6 –Crimes No Espaço (1988), Nº8 Colecção Ulmeiro Policia, Editora Ulmeiro
7 – Rusty Brown Em Lisboa (1992), nº38 Colecção Bolso Noite, Europress. Sinopse CLICAR
8 – Rusty Brown E A Factura Da Máfia (1992), Nº39 Colecção Bolso Noite, Europress. Sinopse CLICAR
9 – Rusty Brown E Os Violadores De Túmulos (1994), Nº45 Colecção Bolso Noite, Europress. Sinopse CLICAR
10 – Rusty Brown E O Nariz de Toulouse Lautrec (1996), Nº48 Colecção Bolso Noite, Europress. Sinopse CLICAR
11 – O Caso Do Estrangulador Da Rua Da Betesga Visto Pelo Buraco Da Fechadura (2005), Hugin. Sinopse CLICAR
12 – Os Crimes Do Buraco Da Fechadura (2010), Colecção Círculo Negro, Editora Vega. Sinopse CLICAR





 
TEMA — INCRÍVEL REALIDADE — O HOMEM DUPLO
Por Hal Coope
Dentro de meia hora Fredy Ritchie, gangster de Los Angeles iria sentar-se na-cadeira eléctrica.
A chuva batia contra os muros cinzentos da penitenciária de San Quentin. Caíra sobre São Francisco uma daquelas espantosas borrascas da região. O ar estava frio e húmido. Os guardas da prisão, envoltos em impermeáveis, mergulhavam Os pés nas poças. Dentro da prisão fazia calor.
Perto da sala de execuções, um grupo de jornalistas, numa sala reservada Imprensa, aguardava o desfecho da execução. Harry Thompson, famoso repórter do crime de um jornal de Los Angeles dizia:
— Preparem-se para uma grande bronca. Algum de vocês viu Fredy Ritchie desde que o prenderam por causa desse crime? E antes disso?
Sem esperar pela resposta, Thompson continuou:
— Pois eu vi. Conheci Fredy, há oito anos, quando assumiu a chefia da quadrilha. Eu estava no começo de carreira e ele simpatizou comigo. Deu-me algumas notícias em primeira mão e concedeu-me uma entrevista explicando como conseguira penetrar no mundo do crime em Nova York, vindo depois para o oeste, onde tomou conta das máquinas de jogo, que nós conhecemos por caça-níqueis. Se não fosse o seu auxílio eu não seria, hoje, um jornalista conhecido.
Os olhos escuros e profundos de Thompson faiscavam. Fez uma pausa e declarou sensacionalmente:
— Pois o homem que está lá dentro na cela e que todos acabámos de ver, não é Fredy Ritchie. Deve ser vítima de um erro da identificação. Já aconteceu isso algumas vezes.
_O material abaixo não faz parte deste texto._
(* Let $n\geq2$, $m<0$, and let $\langle \sigma_{a_1}\cdots\sigma_{a_n}\rangle^{(m),+}$ and $\langle \sigma_{a_1}\cdots\sigma_{a_n}\rangle^{(-m),\mathtt{f}}$ be the full-plane scaling functions, and $\mathcal{C}=2^{1/6}e^{3\zeta'(-1)/2}$. Then $\mathcal{C}^n\langle \sigma_{a_1}\cdots\sigma_{a_n}\rangle^{(m),+}$ and $\mathcal{C}^n\langle \sigma_{a_1}\cdots\sigma_{a_n}\rangle^{(-m),\mathtt{f}}$ are rotationally invariant: for every $\phi\in\mathbb{R}$ and distinct $a_1,\ldots,a_n\in\mathbb{C}$, their values at $(e^{i\phi}a_1,\ldots,e^{i\phi}a_n)$ equal their values at $(a_1,\ldots,a_n)$.
   Context: Setting: $\Lambda=\Lambda_\delta$ is a $\delta$-isoradial lattice (every face inscribed in a circle of radius $\delta$; its dual $\Lambda^*$ is also $\delta$-isoradial), whose rhombus half-angles $\bar\theta_e\in(0,\pi/2)$ at primal vertices are uniformly bounded away from $0,\pi/2$. The Z-invariant Ising model with nome $q$ (elliptic modulus $k$, quarter period $K(k)$) assigns $\pm1$ spins to faces with weight $\prod_{e\in L(\sigma)}\tan(\hat\theta_e/2)$, $\sin\hat\theta_e=\operatorname{sn}(\tfrac{2K(k)}{\pi}\bar\theta_e|k)$, $L(\sigma)$ the set of edges separating unequal spins; $+$ denotes plus and $\mathtt{f}$ free boundary conditions, infinite-lattice expectations being infinite-volume limits. With nome $q=m\delta/2$ on $\Lambda$ (plus b.c.) and nome $-m\delta/2$ on $\Lambda^*$ (free b.c.), the full-plane scaling functions are the functions for which, as $\delta\downarrow0$, $\delta^{-n/8}\mathbb{E}^{(m),+}_{\Lambda}[\sigma_{a_1}\cdots\sigma_{a_n}]\to \mathcal{C}^n\langle \sigma_{a_1}\cdots\sigma_{a_n}\rangle^{(m),+}$ and $\delta^{-n/8}\mathbb{E}^{(-m),\mathtt{f}}_{\Lambda^*}[\sigma_{a_1}\cdots\sigma_{a_n}]\to \mathcal{C}^n\langle \sigma_{a_1}\cdots\sigma_{a_n}\rangle^{(-m),\mathtt{f}}$, where $\sigma_a$ is the spin at a face near $a$. *)

theory Defs
  imports "HOL-Analysis.Analysis" "HOL-Complex_Analysis.Complex_Analysis"
begin

definition riemann_zeta :: "complex \<Rightarrow> complex" where
  "riemann_zeta = (THE f. f holomorphic_on (- {1}) \<and>
       (\<forall>s. 1 < Re s \<longrightarrow> f s = (\<Sum>n. 1 / (of_nat (Suc n)) powr s)))"

definition ising_C :: real where
  "ising_C = 2 powr (1/6) * exp (3/2 * Re (deriv riemann_zeta (-1)))"

definition theta3 :: "real \<Rightarrow> real" where
  "theta3 q = 1 + 2 * (\<Sum>n. q ^ ((Suc n)^2))"

definition theta2_sum :: "real \<Rightarrow> real" where
  "theta2_sum q = (\<Sum>n. q ^ (n * (n + 1)))"

text \<open>Squared elliptic modulus k^2 as a function of the nome q: k^2 = theta2(q)^4/theta3(q)^4.\<close>
definition modsq_of_nome :: "real \<Rightarrow> real" where
  "modsq_of_nome q = 16 * q * (theta2_sum q) ^ 4 / (theta3 q) ^ 4"

text \<open>Incomplete elliptic integral of the first kind F(phi | M), M = k^2.\<close>
definition ell_F :: "real \<Rightarrow> real \<Rightarrow> real" where
  "ell_F M \<phi> = integral {0..\<phi>} (\<lambda>t. 1 / sqrt (1 - M * (sin t)^2))"

definition ell_K :: "real \<Rightarrow> real" where
  "ell_K M = ell_F M (pi / 2)"

text \<open>Jacobi amplitude and sn (for nonnegative arguments, which is all we need).\<close>
definition jacobi_am :: "real \<Rightarrow> real \<Rightarrow> real" where
  "jacobi_am M u = (THE \<phi>. 0 \<le> \<phi> \<and> ell_F M \<phi> = u)"

definition jacobi_sn :: "real \<Rightarrow> real \<Rightarrow> real" where
  "jacobi_sn M u = sin (jacobi_am M u)"

definition zinv_weight :: "real \<Rightarrow> real \<Rightarrow> real" where
  "zinv_weight q \<theta> =
     (let M = modsq_of_nome q; K = ell_K M;
          th = arcsin (jacobi_sn M (2 * K / pi * \<theta>))
      in tan (th / 2))"

text \<open>A tile (u, v, w, w') is the rhombus with primal vertices u, v (an edge of Lambda) and
  dual vertices w, w' (the dual edge, joining the centres of the two faces of Lambda
  separated by uv); its vertices in cyclic order are u, w, v, w'.\<close>
type_synonym tile = "complex \<times> complex \<times> complex \<times> complex"

fun tile_u :: "tile \<Rightarrow> complex" where "tile_u (u, v, w, w') = u"
fun tile_v :: "tile \<Rightarrow> complex" where "tile_v (u, v, w, w') = v"
fun tile_w :: "tile \<Rightarrow> complex" where "tile_w (u, v, w, w') = w"
fun tile_w' :: "tile \<Rightarrow> complex" where "tile_w' (u, v, w, w') = w'"

fun tile_verts :: "tile \<Rightarrow> complex set" where
  "tile_verts (u, v, w, w') = {u, v, w, w'}"

definition tile_hull :: "tile \<Rightarrow> complex set" where
  "tile_hull t = convex hull (tile_verts t)"

fun rhombus_tile :: "real \<Rightarrow> tile \<Rightarrow> bool" where
  "rhombus_tile \<delta> (u, v, w, w') \<longleftrightarrow>
     cmod (u - w) = \<delta> \<and> cmod (w - v) = \<delta> \<and> cmod (v - w') = \<delta> \<and> cmod (w' - u) = \<delta> \<and>
     u \<noteq> v \<and> w \<noteq> w'"

text \<open>Half-angle bar theta_e of the rhombus at its primal vertex u.\<close>
definition half_angle :: "tile \<Rightarrow> real" where
  "half_angle t = arccos (cmod (tile_v t - tile_u t) / (2 * cmod (tile_w t - tile_u t)))"

definition primal_vertices :: "tile set \<Rightarrow> complex set" where
  "primal_vertices T = tile_u ` T \<union> tile_v ` T"

definition dual_vertices :: "tile set \<Rightarrow> complex set" where
  "dual_vertices T = tile_w ` T \<union> tile_w' ` T"

text \<open>T is the rhombic embedding of a delta-isoradial lattice (and of its dual):
  an edge-to-edge, locally finite tiling of the plane by rhombi of side delta.\<close>
definition isoradial :: "real \<Rightarrow> tile set \<Rightarrow> bool" where
  "isoradial \<delta> T \<longleftrightarrow>
     0 < \<delta> \<and>
     (\<forall>t\<in>T. rhombus_tile \<delta> t) \<and>
     (\<forall>t1\<in>T. \<forall>t2\<in>T. t1 \<noteq> t2 \<longrightarrow>
         interior (tile_hull t1) \<inter> interior (tile_hull t2) = {}) \<and>
     (\<forall>t1\<in>T. \<forall>t2\<in>T. t1 \<noteq> t2 \<longrightarrow>
         tile_hull t1 \<inter> tile_hull t2 = convex hull (tile_verts t1 \<inter> tile_verts t2)) \<and>
     (\<Union>t\<in>T. tile_hull t) = UNIV \<and>
     (\<forall>R. finite {t\<in>T. tile_hull t \<inter> cball 0 R \<noteq> {}}) \<and>
     primal_vertices T \<inter> dual_vertices T = {}"

definition angles_bounded :: "real \<Rightarrow> tile set \<Rightarrow> bool" where
  "angles_bounded \<eta> T \<longleftrightarrow> (\<forall>t\<in>T. \<eta> \<le> half_angle t \<and> half_angle t \<le> pi / 2 - \<eta>)"

definition configs :: "complex set \<Rightarrow> (complex \<Rightarrow> real) set" where
  "configs S = {\<sigma>. (\<forall>x\<in>S. \<sigma> x = 1 \<or> \<sigma> x = -1) \<and> (\<forall>x. x \<notin> S \<longrightarrow> \<sigma> x = 1)}"

text \<open>Lambda with plus boundary conditions: spins on faces of Lambda (dual vertices), +1 outside
  the window Dual(T) intersected with cball 0 R.\<close>
definition weight_plus :: "real \<Rightarrow> tile set \<Rightarrow> (complex \<Rightarrow> real) \<Rightarrow> real" where
  "weight_plus q T \<sigma> = (\<Prod>t\<in>{t\<in>T. \<sigma> (tile_w t) \<noteq> \<sigma> (tile_w' t)}. zinv_weight q (half_angle t))"

definition corr_plus_fin :: "real \<Rightarrow> tile set \<Rightarrow> real \<Rightarrow> complex list \<Rightarrow> real" where
  "corr_plus_fin q T R fs =
     (let C = configs (dual_vertices T \<inter> cball 0 R)
      in (\<Sum>\<sigma>\<in>C. weight_plus q T \<sigma> * prod_list (map \<sigma> fs)) / (\<Sum>\<sigma>\<in>C. weight_plus q T \<sigma>))"

definition E_plus :: "real \<Rightarrow> tile set \<Rightarrow> complex list \<Rightarrow> real" where
  "E_plus q T fs = Lim at_top (\<lambda>R. corr_plus_fin q T R fs)"

text \<open>Lambda* with free boundary conditions: spins on faces of Lambda* (primal vertices of
  Lambda); only edges with both endpoints in the window interact. The half-angle of a rhombus
  at its primal vertex for Lambda* (i.e. at w) is pi/2 - bar theta_e.\<close>
definition weight_free :: "real \<Rightarrow> tile set \<Rightarrow> real \<Rightarrow> (complex \<Rightarrow> real) \<Rightarrow> real" where
  "weight_free q T R \<sigma> =
     (\<Prod>t\<in>{t\<in>T. tile_u t \<in> cball 0 R \<and> tile_v t \<in> cball 0 R \<and> \<sigma> (tile_u t) \<noteq> \<sigma> (tile_v t)}.
        zinv_weight q (pi / 2 - half_angle t))"

definition corr_free_fin :: "real \<Rightarrow> tile set \<Rightarrow> real \<Rightarrow> complex list \<Rightarrow> real" where
  "corr_free_fin q T R fs =
     (let C = configs (primal_vertices T \<inter> cball 0 R)
      in (\<Sum>\<sigma>\<in>C. weight_free q T R \<sigma> * prod_list (map \<sigma> fs)) / (\<Sum>\<sigma>\<in>C. weight_free q T R \<sigma>))"

definition E_free :: "real \<Rightarrow> tile set \<Rightarrow> complex list \<Rightarrow> real" where
  "E_free q T fs = Lim at_top (\<lambda>R. corr_free_fin q T R fs)"

text \<open>F is the full-plane scaling function for Lambda with nome m delta/2 and plus b.c.: for
  distinct points a_1..a_n, every family of delta-isoradial lattices with uniformly bounded
  half-angles and every choice of faces of Lambda_delta within distance delta of the a_j
  (e.g. the faces containing them), delta^{-n/8} E[...] tends to C^n F(a).\<close>
definition plus_scaling_fn :: "real \<Rightarrow> nat \<Rightarrow> (complex list \<Rightarrow> real) \<Rightarrow> bool" where
  "plus_scaling_fn m n F \<longleftrightarrow>
     (\<forall>a. length a = n \<and> distinct a \<longrightarrow>
       (\<forall>\<eta> L f. 0 < \<eta> \<and> (\<forall>\<delta>>0. isoradial \<delta> (L \<delta>) \<and> angles_bounded \<eta> (L \<delta>)) \<and>
          (\<forall>\<delta>>0. length (f \<delta>) = n \<and>
             (\<forall>j<n. f \<delta> ! j \<in> dual_vertices (L \<delta>) \<and> cmod (f \<delta> ! j - a ! j) \<le> \<delta>)) \<longrightarrow>
          ((\<lambda>\<delta>. \<delta> powr (- (real n / 8)) * E_plus (m * \<delta> / 2) (L \<delta>) (f \<delta>))
             \<longlongrightarrow> ising_C ^ n * F a) (at_right 0)))"

definition free_scaling_fn :: "real \<Rightarrow> nat \<Rightarrow> (complex list \<Rightarrow> real) \<Rightarrow> bool" where
  "free_scaling_fn m n G \<longleftrightarrow>
     (\<forall>a. length a = n \<and> distinct a \<longrightarrow>
       (\<forall>\<eta> L f. 0 < \<eta> \<and> (\<forall>\<delta>>0. isoradial \<delta> (L \<delta>) \<and> angles_bounded \<eta> (L \<delta>)) \<and>
          (\<forall>\<delta>>0. length (f \<delta>) = n \<and>
             (\<forall>j<n. f \<delta> ! j \<in> primal_vertices (L \<delta>) \<and> cmod (f \<delta> ! j - a ! j) \<le> \<delta>)) \<longrightarrow>
          ((\<lambda>\<delta>. \<delta> powr (- (real n / 8)) * E_free (- m * \<delta> / 2) (L \<delta>) (f \<delta>))
             \<longlongrightarrow> ising_C ^ n * G a) (at_right 0)))"

end

theory Submission
  imports Defs
begin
As palavras de Harry Thompson caíram como uma bomba na sala de Imprensa. Todos os repórteres falavam ao mesmo tampo. Por fim, um deles disse:
— Você está louco, Harry? Mas então onde está Ritchie? E as testemunhas que o identificaram? Duas reconheceram-no pela voz. Decerto que é uma prova circunstancial e precária, mas… pense no álibi que ele arranjou. Disse que estava fora do passeio quando Wally Hooper foi assassinado. É verdade que a polícia nunca tinha prendido Ritchie e por isso não havia nos seus arquivos as impressões digitais. Mas veio o julgamento e o júri não teve dúvidas em declarar Ritchie culpado por assassínio de Hooper e, por isso, vai ser executado.
Harry Thompson encolheu os ombros e não respondeu. Não lhe saía do pensamento que o homem enclausurado na cela não o reconhecera quando por ela passara com os outros jornalistas. E ao abordá-lo, o homem limitou-se a responder:
— Não matei ninguém, nem sou Fredy Ritchie…
A voz era, realmente, parecida. Mas o rosto… não. Tratava-se doutro homem e, portanto, não causou espanto a Thompson, quando apareceu na sala um funcionário dos serviços prisionais a declarar:
— Meus senhores: Houve um grave erro! O homem que está lá dentro, não é Fredy Ritchie. Fomos informados que Fredy encontra-se hospitalizado em Los Angeles.
Harry Thompson não esperou para ouvir mais, e partiu disparado em direcção à rua. Apanhou mi táxi para o aeroporto — e enquanto não chegava a hora do avião partir telefonou para a redacção do seu jornal:
— Então, Bill, já sabe o que aconteceu? Ainda bem, que sabe porque assim já tem todos os pormenores para cozinhar aí a notícia e eu não perco mais tempo. Sigo para Los Angeles e vou saber o resto ao Hospital, procurando ouvir Fredy Ritchie…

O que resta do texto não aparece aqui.